Я лежал полчаса, а может, и дольше, – солнце, перемещаясь по небу, пришло на уличную сторону общежития, уже заглядывало в окно, и в комнате делалось душно.
Завтра на работу – в прежний хомут…
Я вновь сбросил рывком ноги на пол, надел сандалии, вытащил из чемодана полотняную кепку, в которой ходил по городу-курорту Сочи, и, закрыв комнату на ключ, спустился на улицу.
Часы на руке показывали около половины первого.
Сейчас в моем родном ремонтно-механическом заканчивается перерыв, отведенный на прием пищи…
Улица была все так же пуста, и сквозь тонкую подошву сандалий, расплескивавших тут же оседавшую тяжелую, каменную пыль, которой было засыпано здесь вокруг все, ощущалось, что земля раскалена солнцем, как сковорода.
В чахлом парке перед Дворцом культуры, на асфальтовой дорожке, рассекавшей парк надвое, стояла квасная бочка, и возле нее, несмотря на дневное рабочее время, толклась небольшая толпа.
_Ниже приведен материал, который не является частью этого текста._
lemma mu_z_div_sigma_z_tendsto_at_top:
  assumes n: "2 \<le> n" and inj: "inj_on (\<lambda>i. E i j) {1..n}"
  shows "((\<lambda>z. mu_z E n j z / sigma_z E n j z) \<longlongrightarrow> 1 / sqrt (real n + 1)) at_top"
proof -
  define m where "m = mu_hat E n j"
  define a where "a = (sigma_hat E n j)^2"
  define N where "N = real n"
  have "a > 0" using sigma_hat_pos[of n E j, OF n inj] by (simp add: a_def)
  have "N > 0" using n by (simp add: N_def)
  have "((\<lambda>z. ((N * m + z) / (N + 1)) / sqrt (a + (z - m)^2 / (N + 1))) \<longlongrightarrow>
      inverse (N + 1) * inverse (inverse (N + 1) powr (1 / 2))) at_top"
    using \<open>a > 0\<close> \<open>N > 0\<close> by real_asymp
  also have "inverse (N + 1) * inverse (inverse (N + 1) powr (1 / 2)) = 1 / sqrt (N + 1)"
    using \<open>N > 0\<close> by (simp add: powr_half_sqrt real_sqrt_divide field_simps)
  finally show ?thesis using n by (simp add: mu_z_eq_mu_hat sigma_z_eq_sigma_hat m_def a_def N_def)
qed

lemma INF_mu_z_div_sigma_z:
  assumes n: "2 \<le> n" and inj: "inj_on (\<lambda>i. E i j) {1..n}" and mu: "0 \<le> mu_hat E n j"
    and "0 \<le> \<omega>"
  defines "F \<equiv> \<lambda>z. mu_z E n j z / sigma_z E n j z"
  shows "(INF w\<in>{w. 0 \<le> w \<and> ereal w \<le> \<omega>}. ereal (F w)) = ereal (min (F 0)
      (if \<omega> = \<infinity> then Lim at_top F else Lim (at_left (real_of_ereal \<omega>)) F))"
proof (cases \<omega>)
  case (real r)
  have "(F \<longlongrightarrow> F r) (at_left r)"
    using isCont_mu_z_div_sigma_z[of n E j r, OF n inj]
    unfolding F_def isCont_def filterlim_at_split by simp
  then have "Lim (at_left r) F = F r" by (simp add: tendsto_Lim)
  moreover have "{w. 0 \<le> w \<and> ereal w \<le> \<omega>} = {0..r}" using real by auto
  moreover have "(INF w\<in>{0..r}. ereal (F w)) = ereal (min (F 0) (F r))"
    using real \<open>0 \<le> \<omega>\<close> mu_z_div_sigma_z_quasiconcave[OF n inj mu, of 0 _ r]
    by (intro INF_Icc_eq_min_endpoints) (auto simp: F_def)
  ultimately show ?thesis using real by simp
next
  case PInf
  have lim: "(F \<longlongrightarrow> 1 / sqrt (real n + 1)) at_top"
    unfolding F_def by (rule mu_z_div_sigma_z_tendsto_at_top[of n E j, OF n inj])
  moreover have "{w. 0 \<le> w \<and> ereal w \<le> \<omega>} = {0..}" using PInf by auto
  moreover have "(INF w\<in>{0..}. ereal (F w)) = ereal (min (F 0) (1 / sqrt (real n + 1)))"
    using mu_z_div_sigma_z_quasiconcave[OF n inj mu, of 0] lim
    by (intro INF_atLeast_eq_min_limit) (auto simp: F_def)
  ultimately show ?thesis using PInf by (simp add: tendsto_Lim)
next
  case MInf
  with \<open>0 \<le> \<omega>\<close> show ?thesis by simp
qed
Граненые пол-литровые кружки мелькали в этой толпе там-сям кусками прохладного прозрачного льда, напоминая своим белым резким блеском о студеной зимней поре.
Прогресс! Невиданный прогресс – квас в нашей захолустной каменной жарильне!
Я встал в очередь, отирая ладонью вспотевший под кепкой лоб, и стоящий впереди меня здоровый, под метр девяносто, широкий, как БелА3 с карьера, мужик, перетаптываясь от нетерпения на месте, тут же наступил мне на ногу. Я крепко поддал ему в бок кулаком, сталкивая с ноги, и выругался с неожиданными даже для своего раздражения злостью и наслаждением:
– Да какого дьявола! Глаз, что ли, нет?
– Чего? – оборотил он ко мне комкастое добродушное лицо. – Отдавил, что ли? – И похмыкал. – Ну, извини. Я как наступлю – отдавлю, в самом деле. Центнер во мне.